== Segment start ==
theorem theorem6:
  fixes \<nu> \<epsilon> \<zeta> :: real
    and U m g d b :: "real \<Rightarrow> real \<Rightarrow> real"
  assumes "\<nu> \<ge> 0" and "\<epsilon> \<in> {0, 1}" and "1 + \<zeta> * \<nu>^2 \<noteq> 0"
    and "smooth2 U" "smooth2 m" "smooth2 g" "smooth2 d" "smooth2 b"
    and "is_solution \<nu> \<epsilon> \<zeta> U m g d b"
  shows "\<forall>X T. \<forall>i < 8.
    (\<lambda>\<tau>. residuals \<nu> \<epsilon> \<zeta>
        (\<lambda>x t. U x t + \<tau> * QU \<nu> \<epsilon> \<zeta> U m g d b x t)
        (\<lambda>x t. m x t + \<tau> * Qm \<nu> \<epsilon> \<zeta> U m g d b x t)
        (\<lambda>x t. g x t + \<tau> * Qg \<nu> \<epsilon> \<zeta> U m g d b x t)
        (\<lambda>x t. d x t + \<tau> * Qd \<nu> \<epsilon> \<zeta> U m g d b x t)
        (\<lambda>x t. b x t + \<tau> * Qb \<nu> \<epsilon> \<zeta> U m g d b x t) X T ! i)
    \<in> O[at (0::real)](\<lambda>\<tau>. \<tau>^2)"
proof -
  interpret system_solution \<nu> \<epsilon> \<zeta> U m g d b
    using assms(1,3-9) by unfold_locales
  show ?thesis
    using deformed_residuals_bigo by blast
qed

end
== Segment end ==
EXERCISE PROMPT => Extract the entries above verbatim.

THE ANSWER =>
theorem theorem6:
  fixes \<nu> \<epsilon> \<zeta> :: real
    and U m g d b :: "real \<Rightarrow> real \<Rightarrow> real"
  assumes "\<nu> \<ge> 0" and "\<epsilon> \<in> {0, 1}" and "1 + \<zeta> * \<nu>^2 \<noteq> 0"
    and "smooth2 U" "smooth2 m" "smooth2 g" "smooth2 d" "smooth2 b"
    and "is_solution \<nu> \<epsilon> \<zeta> U m g d b"
  shows "\<forall>X T. \<forall>i < 8.
    (\<lambda>\<tau>. residuals \<nu> \<epsilon> \<zeta>
        (\<lambda>x t. U x t + \<tau> * QU \<nu> \<epsilon> \<zeta> U m g d b x t)
        (\<lambda>x t. m x t + \<tau> * Qm \<nu> \<epsilon> \<zeta> U m g d b x t)
        (\<lambda>x t. g x t + \<tau> * Qg \<nu> \<epsilon> \<zeta> U m g d b x t)
        (\<lambda>x t. d x t + \<tau> * Qd \<nu> \<epsilon> \<zeta> U m g d b x t)
        (\<lambda>x t. b x t + \<tau> * Qb \<nu> \<epsilon> \<zeta> U m g d b x t) X T ! i)
    \<in> O[at (0::real)](\<lambda>\<tau>. \<tau>^2)"
proof -
  interpret system_solution \<nu> \<epsilon> \<zeta> U m g d b
    using assms(1,3-9) by unfold_locales
  show ?thesis
    using deformed_residuals_bigo by blast
qed

end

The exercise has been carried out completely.